There is a distinct difference between modeling linguistic knowledge and knowledge that is expressed linguistically. The research effort described herein concerns the latter, i.e. how to model the output of a natural language understanding system in a formal ontology in such a way that robotic agents can carry out the tasks given to them via natural language. For this, we build on a given foundational ontology that is suitable for our requirements and introduce the basic modeling principles and design patterns to model and represent the meaning of instructions. Linguistically, our model is informed by constructional approaches to language understanding, i.e. embodied- and fluid construction grammar. Ontologically, we base our model on the foundational framework provided by the Dolce Ultra Light + Descriptions and Situations ontology. The proposed model, called SOMA-SAY, is part of a larger system of ontologies that are employed in the Everyday Activity Science and Engineering collaborative research center.

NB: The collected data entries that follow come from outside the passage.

(* Let $\mathsf{Ch}_3=\langle a,b,c\rangle$. Define $2\times2$ tropical matrices (writing $-$ for $-\infty$): $\rho_1$: $a\mapsto\begin{pmatrix}1&0\\-&0\end{pmatrix}$, $b\mapsto\begin{pmatrix}0&0\\-&1\end{pmatrix}$, $c\mapsto\begin{pmatrix}0&0\\-&1\end{pmatrix}$; $\rho_2$: $a\mapsto\begin{pmatrix}1&0\\-&0\end{pmatrix}$, $b\mapsto\begin{pmatrix}1&0\\-&0\end{pmatrix}$, $c\mapsto\begin{pmatrix}0&0\\-&1\end{pmatrix}$; $\rho_3$: $a\mapsto\begin{pmatrix}1&1\\-&0\end{pmatrix}$, $b\mapsto\begin{pmatrix}0&0\\-&0\end{pmatrix}$, $c\mapsto\begin{pmatrix}0&1\\-&1\end{pmatrix}$. Then the map $\rho=(\rho_1,\rho_2,\rho_3):\mathsf{Ch}_3\to(\mathcal M_2(\mathbb T))^3$, sending a word in $a,b,c$ to the corresponding products of these matrices (and the identity of $\mathsf{Ch}_3$ to the triple $(I_1,I_2,I_3)$ with $I_1=I_2=\begin{pmatrix}0&-1\\-&0\end{pmatrix}$, $I_3=\begin{pmatrix}0&0\\-&0\end{pmatrix}$, each of which acts as a two-sided identity on the semigroup generated by the corresponding generator images), is a well-defined injective semigroup homomorphism.
   Context: The Chinese monoid $\mathsf{Ch}_3=\langle a,b,c\rangle$ (with $a=a_1,b=a_2,c=a_3$) is presented by the relations $a_ja_ka_i=a_ka_ja_i=a_ka_ia_j$ for all $1\le i\le j\le k\le 3$. $\mathbb T=\mathbb R\cup\{-\infty\}$ is the max-plus semiring (addition $\max$, multiplication ordinary $+$), and $\mathcal M_2(\mathbb T)$ is the monoid of $2\times2$ matrices over $\mathbb T$ with product $(AB)_{ij}=\max_k(A_{ik}+B_{kj})$; $(\mathcal M_2(\mathbb T))^3$ has componentwise product. *)

theory Defs
  imports Main "HOL-Library.Extended_Real"
begin

datatype gen = A | B | C

fun idx :: "gen \<Rightarrow> nat" where
  "idx A = 1" | "idx B = 2" | "idx C = 3"

inductive ch3_step :: "gen list \<Rightarrow> gen list \<Rightarrow> bool" where
  s1: "idx i \<le> idx j \<Longrightarrow> idx j \<le> idx k \<Longrightarrow>
         ch3_step (u @ [j, k, i] @ v) (u @ [k, j, i] @ v)"
| s2: "idx i \<le> idx j \<Longrightarrow> idx j \<le> idx k \<Longrightarrow>
         ch3_step (u @ [k, j, i] @ v) (u @ [k, i, j] @ v)"

definition ch3_eq :: "gen list \<Rightarrow> gen list \<Rightarrow> bool" where
  "ch3_eq = equivclp ch3_step"

datatype trop = NegInf | Fin real

fun tadd :: "trop \<Rightarrow> trop \<Rightarrow> trop" where
  "tadd NegInf y = y"
| "tadd x NegInf = x"
| "tadd (Fin x) (Fin y) = Fin (max x y)"

fun tmul :: "trop \<Rightarrow> trop \<Rightarrow> trop" where
  "tmul (Fin x) (Fin y) = Fin (x + y)"
| "tmul _ _ = NegInf"

text \<open>A 2x2 matrix (m11, m12, m21, m22).\<close>
datatype mat2 = M trop trop trop trop

fun mmul :: "mat2 \<Rightarrow> mat2 \<Rightarrow> mat2" where
  "mmul (M a11 a12 a21 a22) (M b11 b12 b21 b22) =
     M (tadd (tmul a11 b11) (tmul a12 b21)) (tadd (tmul a11 b12) (tmul a12 b22))
       (tadd (tmul a21 b11) (tmul a22 b21)) (tadd (tmul a21 b12) (tmul a22 b22))"

type_synonym mat3 = "mat2 \<times> mat2 \<times> mat2"

fun mmul3 :: "mat3 \<Rightarrow> mat3 \<Rightarrow> mat3" where
  "mmul3 (x1, x2, x3) (y1, y2, y3) = (mmul x1 y1, mmul x2 y2, mmul x3 y3)"

fun rho1 :: "gen \<Rightarrow> mat2" where
  "rho1 A = M (Fin 1) (Fin 0) NegInf (Fin 0)"
| "rho1 B = M (Fin 0) (Fin 0) NegInf (Fin 1)"
| "rho1 C = M (Fin 0) (Fin 0) NegInf (Fin 1)"

fun rho2 :: "gen \<Rightarrow> mat2" where
  "rho2 A = M (Fin 1) (Fin 0) NegInf (Fin 0)"
| "rho2 B = M (Fin 1) (Fin 0) NegInf (Fin 0)"
| "rho2 C = M (Fin 0) (Fin 0) NegInf (Fin 1)"

fun rho3 :: "gen \<Rightarrow> mat2" where
  "rho3 A = M (Fin 1) (Fin 1) NegInf (Fin 0)"
| "rho3 B = M (Fin 0) (Fin 0) NegInf (Fin 0)"
| "rho3 C = M (Fin 0) (Fin 1) NegInf (Fin 1)"

definition rho_gen :: "gen \<Rightarrow> mat3" where
  "rho_gen g = (rho1 g, rho2 g, rho3 g)"

definition I12 :: mat2 where "I12 = M (Fin 0) (Fin (-1)) NegInf (Fin 0)"
definition I3 :: mat2 where "I3 = M (Fin 0) (Fin 0) NegInf (Fin 0)"

fun rho :: "gen list \<Rightarrow> mat3" where
  "rho [] = (I12, I12, I3)"
| "rho (x # xs) = foldl (\<lambda>m g. mmul3 m (rho_gen g)) (rho_gen x) xs"

end

theory Submission
  imports Defs
begin
(* Let $R$ be a ring with identity, let ${}_RM$ be a finitely generated semisimple left $R$-module and let $\varphi:M\to M$ be a nilpotent $R$-endomorphism. If $\{x_{\gamma,i}\mid\gamma\in\Gamma,1\le i\le k_\gamma\}$ and $\{y_{\delta,j}\mid\delta\in\Delta,1\le j\le l_\delta\}$ are nilpotent Jordan normal bases of ${}_RM$ with respect to $\varphi$, then there exists a bijection $\pi:\Gamma\to\Delta$ such that $k_\gamma=l_{\pi(\gamma)}$ for all $\gamma\in\Gamma$. Thus the sizes of the blocks of a nilpotent Jordan normal base are unique up to a permutation of the blocks.
   Context: For an $R$-endomorphism $\varphi$ of a left $R$-module ${}_RM$, a subset $\{x_{\gamma,i}\mid\gamma\in\Gamma,1\le i\le k_\gamma\}\subseteq M$ (with integers $k_\gamma\ge1$) is a nilpotent Jordan normal base of ${}_RM$ with respect to $\varphi$ if each submodule $Rx_{\gamma,i}$ is simple, $M=\bigoplus_{\gamma\in\Gamma,1\le i\le k_\gamma}Rx_{\gamma,i}$ is a direct sum, $\varphi(x_{\gamma,i})=x_{\gamma,i+1}$ for $1\le i<k_\gamma$, $\varphi(x_{\gamma,k_\gamma})=0$, and the set $\{k_\gamma\mid\gamma\in\Gamma\}$ is bounded. $\Gamma$ is the set of blocks and $k_\gamma$ is the size of block $\gamma$. *)

theory Defs
  imports "HOL-Algebra.Module"
begin
lemma prox_objective_quadratic_growth:
  fixes g :: "'a::real_inner \<Rightarrow> real"
  assumes gconv: "convex_on C g" and "convex C"
    and x: "x \<in> C" "\<And>z. z \<in> C \<Longrightarrow> g x + inner v x + L / 2 * (norm (x - y))\<^sup>2
                              \<le> g z + inner v z + L / 2 * (norm (z - y))\<^sup>2"
    and z: "z \<in> C"
  shows "g x + inner v x + L / 2 * (norm (x - y))\<^sup>2 + L / 2 * (norm (z - x))\<^sup>2
         \<le> g z + inner v z + L / 2 * (norm (z - y))\<^sup>2"
proof -
  define D where "D = (norm (z - x))\<^sup>2"
  define \<phi> where "\<phi> w = g w + inner v w + L / 2 * (norm (w - y))\<^sup>2" for w
  have "\<phi> x + L / 2 * D \<le> \<phi> z + t * (L / 2 * D)"
    if t: "0 < t" "t \<le> 1" for t
  proof -
    define w where "w = (1 - t) *\<^sub>R x + t *\<^sub>R z"
    have wy: "w - y = (1 - t) *\<^sub>R (x - y) + t *\<^sub>R (z - y)" by (simp add: w_def algebra_simps)
    have wC: "w \<in> C" unfolding w_def using \<open>convex C\<close> x(1) z t by (intro convexD) auto
    have "g w \<le> (1 - t) * g x + t * g z"
      unfolding w_def using convex_onD[OF gconv, of t x z] t x z by simp
    moreover have "inner v w = (1 - t) * inner v x + t * inner v z"
      by (simp add: w_def inner_add_right)
    moreover have "L / 2 * (norm (w - y))\<^sup>2 = (1 - t) * (L / 2 * (norm (x - y))\<^sup>2)
        + t * (L / 2 * (norm (z - y))\<^sup>2) - t * (1 - t) * (L / 2 * D)"
      unfolding wy norm_convex_combination_power2 by (simp add: D_def norm_minus_commute field_simps)
    moreover have "\<phi> x \<le> \<phi> w" using x(2)[OF wC] by (simp add: \<phi>_def)
    ultimately have "t * (\<phi> x + L / 2 * D) \<le> t * (\<phi> z + t * (L / 2 * D))"
      unfolding \<phi>_def by (simp add: field_simps)
    then show ?thesis using t by simp
  qed
  then show ?thesis unfolding \<phi>_def D_def by (rule le_of_le_add_mult_small)
qed

lemma quadratic_le_linear_bound:
  fixes u K V L :: real
  assumes "L > 0" "K \<ge> 0" "V \<ge> 0" "u \<ge> 0" and quad: "L / 2 * u\<^sup>2 \<le> K + V * u"
  shows "u \<le> 1 + 2 * (K + V) / L"
proof (cases "u \<le> 1")
  case True
  have "0 \<le> 2 * (K + V) / L" using assms by simp
  with True show ?thesis by linarith
next
  case False
  then have "K + V * u \<le> (K + V) * u"
    using \<open>K \<ge> 0\<close> mult_left_mono[of 1 u K] by (simp add: algebra_simps)
  with quad have "(L / 2 * u) * u \<le> (K + V) * u" by (simp add: power2_eq_square)
  then have "L / 2 * u \<le> K + V" using False by simp
  then show ?thesis using \<open>L > 0\<close> by (simp add: field_simps)
qed

lemma prox_sublevel_norm_bound:
  fixes b v w y :: "'a::real_inner"
  assumes "L > 0" and level: "a + inner b w + inner v w + L / 2 * (norm (w - y))\<^sup>2 \<le> c"
  shows "norm (w - y) \<le> 1 + 2 * (\<bar>c - a - inner (b + v) y\<bar> + norm (b + v)) / L"
proof (rule quadratic_le_linear_bound[OF \<open>L > 0\<close>])
  have "inner (b + v) w = inner (b + v) y + inner (b + v) (w - y)"
    by (simp add: inner_diff_right)
  moreover have "- inner (b + v) (w - y) \<le> norm (b + v) * norm (w - y)"
    using Cauchy_Schwarz_ineq2[of "b + v" "w - y"] by (simp add: abs_le_iff)
  ultimately show "L / 2 * (norm (w - y))\<^sup>2 \<le> \<bar>c - a - inner (b + v) y\<bar> + norm (b + v) * norm (w - y)"
    using level abs_ge_self[of "c - a - inner (b + v) y"] by (simp add: inner_add_left)
qed auto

”'’Knowing from’’ – An Outlook on Ontology Enabled Knowledge Transfer for Robotic Systems”,
Mohammed Diab, Mihai Pomarlan, Daniel Bessler, Stefano Borgo and Jan Rosell

Encoding practical knowledge about everyday activities has proven difficult, and is a limiting factor in the progress of autonomous robotics. Learning approaches, e.g. imitation learning from human data, have been used as a way to circumvent this difficulty. While such approaches are on the right track, they require comprehensive knowledge modelling about the data present in records of activity episodes, and about the skills one attempts to have the robot learn. We provide a list of competency questions such knowledge modelling should answer, summarize some recent developments in this direction, and finish with a few open problems.